• WHAT IS REQUIRED: Working from the entries that follow, retype each one without any alteration.

[Saved entries]
(* Let $n\ge1$ and let $\pi$ be uniformly distributed on $\mathcal S_n$. Then there exists a random permutation $\sigma\in\mathcal S_n$, which is a (bijective) deterministic function of $\pi$ and hence uniformly distributed on $\mathcal S_n$, such that with the one-cycle permutation $\sigma^*:=(\pi(1),\pi(2),\dots,\pi(n))_{\rm c}\in\mathcal S_n^*$, \[ \mathbb{E}\,\#\{i\in\{1,\dots,n\}:\sigma(i)\ne\sigma^*(i)\}\le\sum_{j=1}^n j^{-1}\le1+\log(n). \]
   Context: $\mathcal S_n$ denotes the set of permutations of $\{1,\dots,n\}$. For pairwise distinct $a_1,\dots,a_m\in\{1,\dots,n\}$, $(a_1,\dots,a_m)_{\rm c}$ denotes the cycle mapping $a_1\mapsto a_2\mapsto\cdots\mapsto a_m\mapsto a_1$ and fixing all other points. $\mathcal S_n^*$ is the set of permutations consisting of a single cycle of length $n$. *)

theory Defs
  imports "HOL-Probability.Probability" "HOL-Combinatorics.Cycles"
begin

definition Sym :: "nat \<Rightarrow> (nat \<Rightarrow> nat) set" where
  "Sym n = {p. p permutes {1..n}}"

definition cyc_of :: "nat \<Rightarrow> (nat \<Rightarrow> nat) \<Rightarrow> (nat \<Rightarrow> nat)" where
  "cyc_of n p = cycle_of_list (map p [1..<n+1])"

end

theory Submission
  imports Defs
begin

• YOUR SOLUTION:
(* Let $n\ge1$ and let $\pi$ be uniformly distributed on $\mathcal S_n$. Then there exists a random permutation $\sigma\in\mathcal S_n$, which is a (bijective) deterministic function of $\pi$ and hence uniformly distributed on $\mathcal S_n$, such that with the one-cycle permutation $\sigma^*:=(\pi(1),\pi(2),\dots,\pi(n))_{\rm c}\in\mathcal S_n^*$, \[ \mathbb{E}\,\#\{i\in\{1,\dots,n\}:\sigma(i)\ne\sigma^*(i)\}\le\sum_{j=1}^n j^{-1}\le1+\log(n). \]
   Context: $\mathcal S_n$ denotes the set of permutations of $\{1,\dots,n\}$. For pairwise distinct $a_1,\dots,a_m\in\{1,\dots,n\}$, $(a_1,\dots,a_m)_{\rm c}$ denotes the cycle mapping $a_1\mapsto a_2\mapsto\cdots\mapsto a_m\mapsto a_1$ and fixing all other points. $\mathcal S_n^*$ is the set of permutations consisting of a single cycle of length $n$. *)

theory Defs
  imports "HOL-Probability.Probability" "HOL-Combinatorics.Cycles"
begin

definition Sym :: "nat \<Rightarrow> (nat \<Rightarrow> nat) set" where
  "Sym n = {p. p permutes {1..n}}"

definition cyc_of :: "nat \<Rightarrow> (nat \<Rightarrow> nat) \<Rightarrow> (nat \<Rightarrow> nat)" where
  "cyc_of n p = cycle_of_list (map p [1..<n+1])"

end

theory Submission
  imports Defs
begin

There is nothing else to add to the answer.